• AVAILABLE RECORDS:
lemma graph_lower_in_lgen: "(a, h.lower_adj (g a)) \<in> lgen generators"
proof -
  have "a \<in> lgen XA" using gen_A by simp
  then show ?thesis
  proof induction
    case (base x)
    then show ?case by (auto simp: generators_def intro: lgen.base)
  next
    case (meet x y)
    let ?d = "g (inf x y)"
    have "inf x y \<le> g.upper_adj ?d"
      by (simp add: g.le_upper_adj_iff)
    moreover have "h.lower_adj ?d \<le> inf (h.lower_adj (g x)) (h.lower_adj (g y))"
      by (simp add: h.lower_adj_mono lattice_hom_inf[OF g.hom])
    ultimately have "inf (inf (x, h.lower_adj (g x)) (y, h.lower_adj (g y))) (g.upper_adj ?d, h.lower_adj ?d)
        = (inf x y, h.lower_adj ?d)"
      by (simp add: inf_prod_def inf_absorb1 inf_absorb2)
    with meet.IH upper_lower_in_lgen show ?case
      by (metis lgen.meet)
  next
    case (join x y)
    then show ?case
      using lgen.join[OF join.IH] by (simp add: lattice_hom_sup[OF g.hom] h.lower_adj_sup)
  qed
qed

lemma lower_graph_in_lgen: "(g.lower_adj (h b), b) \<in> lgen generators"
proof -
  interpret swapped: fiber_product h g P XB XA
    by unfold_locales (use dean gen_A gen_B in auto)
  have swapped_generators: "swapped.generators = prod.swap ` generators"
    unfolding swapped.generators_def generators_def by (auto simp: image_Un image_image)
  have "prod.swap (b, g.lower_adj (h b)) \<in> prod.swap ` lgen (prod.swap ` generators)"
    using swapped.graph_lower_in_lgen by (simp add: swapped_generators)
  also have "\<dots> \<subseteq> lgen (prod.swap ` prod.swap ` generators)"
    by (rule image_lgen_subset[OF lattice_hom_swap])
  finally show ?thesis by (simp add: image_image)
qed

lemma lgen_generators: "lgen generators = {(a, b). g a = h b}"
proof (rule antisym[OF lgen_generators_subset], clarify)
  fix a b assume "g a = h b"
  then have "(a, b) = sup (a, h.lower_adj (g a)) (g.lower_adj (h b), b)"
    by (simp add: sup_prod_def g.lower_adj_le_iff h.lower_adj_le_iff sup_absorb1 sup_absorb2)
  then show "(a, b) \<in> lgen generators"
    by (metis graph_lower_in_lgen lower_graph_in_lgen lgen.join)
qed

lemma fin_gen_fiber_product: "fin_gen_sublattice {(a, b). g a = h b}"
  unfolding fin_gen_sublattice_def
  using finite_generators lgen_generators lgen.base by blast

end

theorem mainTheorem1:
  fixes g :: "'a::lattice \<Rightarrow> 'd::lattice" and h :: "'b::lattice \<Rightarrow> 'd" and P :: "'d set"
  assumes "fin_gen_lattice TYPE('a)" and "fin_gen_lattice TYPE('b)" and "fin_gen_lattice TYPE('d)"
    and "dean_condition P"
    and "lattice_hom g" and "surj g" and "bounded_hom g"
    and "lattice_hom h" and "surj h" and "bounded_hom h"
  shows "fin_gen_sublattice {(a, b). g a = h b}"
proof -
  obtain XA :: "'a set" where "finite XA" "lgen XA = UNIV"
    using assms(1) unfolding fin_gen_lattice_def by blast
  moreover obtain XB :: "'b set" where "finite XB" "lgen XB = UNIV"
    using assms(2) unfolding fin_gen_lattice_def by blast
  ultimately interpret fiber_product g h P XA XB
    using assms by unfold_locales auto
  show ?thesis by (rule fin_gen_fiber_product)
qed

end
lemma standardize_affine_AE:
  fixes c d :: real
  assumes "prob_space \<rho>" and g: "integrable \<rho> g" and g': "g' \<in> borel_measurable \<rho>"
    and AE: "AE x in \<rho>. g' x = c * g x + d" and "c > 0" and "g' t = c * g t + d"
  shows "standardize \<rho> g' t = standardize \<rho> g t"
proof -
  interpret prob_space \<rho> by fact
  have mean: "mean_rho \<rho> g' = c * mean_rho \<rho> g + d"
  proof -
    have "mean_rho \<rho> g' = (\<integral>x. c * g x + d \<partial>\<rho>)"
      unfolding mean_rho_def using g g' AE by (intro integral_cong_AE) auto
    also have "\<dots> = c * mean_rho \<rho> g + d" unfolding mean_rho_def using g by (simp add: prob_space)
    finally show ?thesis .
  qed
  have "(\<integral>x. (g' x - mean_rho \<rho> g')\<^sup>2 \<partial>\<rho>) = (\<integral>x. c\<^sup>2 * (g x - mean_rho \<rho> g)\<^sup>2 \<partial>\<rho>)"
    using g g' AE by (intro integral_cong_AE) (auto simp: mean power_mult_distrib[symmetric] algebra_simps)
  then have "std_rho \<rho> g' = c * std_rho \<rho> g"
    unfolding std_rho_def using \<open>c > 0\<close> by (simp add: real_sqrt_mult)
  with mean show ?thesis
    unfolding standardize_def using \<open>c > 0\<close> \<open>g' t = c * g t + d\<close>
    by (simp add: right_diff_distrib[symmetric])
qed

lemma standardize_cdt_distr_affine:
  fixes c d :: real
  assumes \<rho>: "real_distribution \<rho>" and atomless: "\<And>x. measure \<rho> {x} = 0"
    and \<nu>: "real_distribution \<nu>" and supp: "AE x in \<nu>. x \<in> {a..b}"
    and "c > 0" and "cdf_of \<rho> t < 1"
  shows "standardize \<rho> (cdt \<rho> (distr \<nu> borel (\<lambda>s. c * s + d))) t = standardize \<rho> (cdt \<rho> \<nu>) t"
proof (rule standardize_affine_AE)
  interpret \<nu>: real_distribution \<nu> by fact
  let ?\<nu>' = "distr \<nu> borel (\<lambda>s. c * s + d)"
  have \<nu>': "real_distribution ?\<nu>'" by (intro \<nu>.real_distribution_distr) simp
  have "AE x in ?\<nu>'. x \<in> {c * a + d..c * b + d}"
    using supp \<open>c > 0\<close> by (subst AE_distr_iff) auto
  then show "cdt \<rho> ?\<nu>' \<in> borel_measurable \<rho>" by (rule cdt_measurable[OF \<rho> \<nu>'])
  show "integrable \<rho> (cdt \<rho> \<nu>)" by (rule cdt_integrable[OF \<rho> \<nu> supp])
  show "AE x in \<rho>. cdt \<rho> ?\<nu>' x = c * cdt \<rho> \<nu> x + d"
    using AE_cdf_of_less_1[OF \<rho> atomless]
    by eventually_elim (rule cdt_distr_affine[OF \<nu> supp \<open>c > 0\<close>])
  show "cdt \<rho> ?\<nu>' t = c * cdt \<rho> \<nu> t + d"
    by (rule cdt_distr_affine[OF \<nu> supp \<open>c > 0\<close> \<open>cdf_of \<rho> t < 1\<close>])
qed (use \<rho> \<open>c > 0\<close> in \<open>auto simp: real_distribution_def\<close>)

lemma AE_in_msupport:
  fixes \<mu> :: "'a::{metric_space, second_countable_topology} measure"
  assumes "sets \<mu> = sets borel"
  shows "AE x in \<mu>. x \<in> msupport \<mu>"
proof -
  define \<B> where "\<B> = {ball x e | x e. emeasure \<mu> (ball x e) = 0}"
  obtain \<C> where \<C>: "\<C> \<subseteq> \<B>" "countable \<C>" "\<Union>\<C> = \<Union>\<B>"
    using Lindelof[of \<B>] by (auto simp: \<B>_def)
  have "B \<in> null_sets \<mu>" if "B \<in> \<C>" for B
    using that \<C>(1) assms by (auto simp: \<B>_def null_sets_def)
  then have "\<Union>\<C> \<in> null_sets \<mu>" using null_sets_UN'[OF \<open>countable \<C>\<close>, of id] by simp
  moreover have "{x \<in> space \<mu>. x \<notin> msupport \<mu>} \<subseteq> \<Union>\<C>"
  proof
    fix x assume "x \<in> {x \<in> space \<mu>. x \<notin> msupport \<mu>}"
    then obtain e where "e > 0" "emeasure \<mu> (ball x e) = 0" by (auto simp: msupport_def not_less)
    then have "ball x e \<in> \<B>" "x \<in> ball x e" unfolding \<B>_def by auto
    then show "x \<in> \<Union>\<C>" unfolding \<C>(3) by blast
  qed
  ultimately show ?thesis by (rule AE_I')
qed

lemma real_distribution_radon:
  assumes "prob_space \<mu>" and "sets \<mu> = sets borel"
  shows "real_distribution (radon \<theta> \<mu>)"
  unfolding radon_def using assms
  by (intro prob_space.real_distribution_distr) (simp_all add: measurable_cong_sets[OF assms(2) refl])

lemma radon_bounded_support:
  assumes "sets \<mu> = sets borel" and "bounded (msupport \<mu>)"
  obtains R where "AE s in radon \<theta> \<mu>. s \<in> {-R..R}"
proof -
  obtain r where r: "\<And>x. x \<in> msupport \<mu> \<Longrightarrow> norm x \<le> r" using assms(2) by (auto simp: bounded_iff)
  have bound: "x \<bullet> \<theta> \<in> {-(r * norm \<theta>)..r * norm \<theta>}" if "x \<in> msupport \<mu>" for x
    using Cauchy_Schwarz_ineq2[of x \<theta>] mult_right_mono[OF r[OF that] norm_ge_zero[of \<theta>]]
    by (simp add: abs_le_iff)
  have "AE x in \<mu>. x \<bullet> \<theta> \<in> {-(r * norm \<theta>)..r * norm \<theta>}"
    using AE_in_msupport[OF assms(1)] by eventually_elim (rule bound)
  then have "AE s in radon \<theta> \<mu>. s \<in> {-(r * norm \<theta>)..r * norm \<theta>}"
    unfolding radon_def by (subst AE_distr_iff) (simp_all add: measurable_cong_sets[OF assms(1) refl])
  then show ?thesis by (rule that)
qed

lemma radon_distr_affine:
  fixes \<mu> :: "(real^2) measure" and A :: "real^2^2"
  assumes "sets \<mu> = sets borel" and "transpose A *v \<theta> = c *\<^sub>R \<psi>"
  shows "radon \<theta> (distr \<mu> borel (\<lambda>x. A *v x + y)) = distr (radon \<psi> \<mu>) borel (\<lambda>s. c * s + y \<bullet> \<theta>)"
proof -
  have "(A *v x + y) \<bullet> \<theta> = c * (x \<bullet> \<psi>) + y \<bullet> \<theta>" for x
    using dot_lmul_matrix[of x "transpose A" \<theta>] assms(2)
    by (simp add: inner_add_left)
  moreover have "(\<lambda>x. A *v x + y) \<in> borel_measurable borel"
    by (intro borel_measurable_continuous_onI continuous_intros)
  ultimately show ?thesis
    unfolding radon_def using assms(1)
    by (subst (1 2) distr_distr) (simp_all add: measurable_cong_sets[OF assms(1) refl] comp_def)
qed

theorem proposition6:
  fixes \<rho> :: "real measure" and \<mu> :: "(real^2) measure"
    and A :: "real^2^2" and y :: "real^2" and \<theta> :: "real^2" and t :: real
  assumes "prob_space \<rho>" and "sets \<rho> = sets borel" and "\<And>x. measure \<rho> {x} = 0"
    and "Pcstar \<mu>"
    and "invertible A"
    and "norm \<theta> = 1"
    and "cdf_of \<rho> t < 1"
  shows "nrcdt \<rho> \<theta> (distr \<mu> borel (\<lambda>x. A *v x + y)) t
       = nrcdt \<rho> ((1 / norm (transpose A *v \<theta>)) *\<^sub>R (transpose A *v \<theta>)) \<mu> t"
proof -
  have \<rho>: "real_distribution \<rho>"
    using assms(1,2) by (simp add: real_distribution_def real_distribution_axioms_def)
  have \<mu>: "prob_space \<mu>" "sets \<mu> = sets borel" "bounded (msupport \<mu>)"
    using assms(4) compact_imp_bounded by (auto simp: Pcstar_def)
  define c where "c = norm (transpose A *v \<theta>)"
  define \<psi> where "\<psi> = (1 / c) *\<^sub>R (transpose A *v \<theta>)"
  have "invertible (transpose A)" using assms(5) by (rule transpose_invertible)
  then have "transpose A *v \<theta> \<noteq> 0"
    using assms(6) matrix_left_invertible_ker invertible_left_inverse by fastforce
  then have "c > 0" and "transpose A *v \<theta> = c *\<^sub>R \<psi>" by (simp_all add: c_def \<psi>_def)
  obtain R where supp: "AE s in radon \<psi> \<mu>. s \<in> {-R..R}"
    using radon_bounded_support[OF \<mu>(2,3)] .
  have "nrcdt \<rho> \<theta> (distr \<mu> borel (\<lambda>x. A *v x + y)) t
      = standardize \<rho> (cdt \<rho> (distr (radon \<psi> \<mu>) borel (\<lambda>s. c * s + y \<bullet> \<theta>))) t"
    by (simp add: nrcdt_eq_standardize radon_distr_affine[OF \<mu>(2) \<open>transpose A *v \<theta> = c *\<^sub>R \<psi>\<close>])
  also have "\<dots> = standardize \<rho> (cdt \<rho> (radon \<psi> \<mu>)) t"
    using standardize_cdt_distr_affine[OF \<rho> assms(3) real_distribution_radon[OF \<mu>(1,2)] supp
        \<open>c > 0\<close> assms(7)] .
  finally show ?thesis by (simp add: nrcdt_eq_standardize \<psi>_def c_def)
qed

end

• PROBLEM DESCRIPTION:
Check the entries above for the word "integrable" and copy every line where it turns up.

• RESULT:
  assumes "prob_space \<rho>" and g: "integrable \<rho> g" and g': "g' \<in> borel_measurable \<rho>"
  show "integrable \<rho> (cdt \<rho> \<nu>)" by (rule cdt_integrable[OF \<rho> \<nu> supp])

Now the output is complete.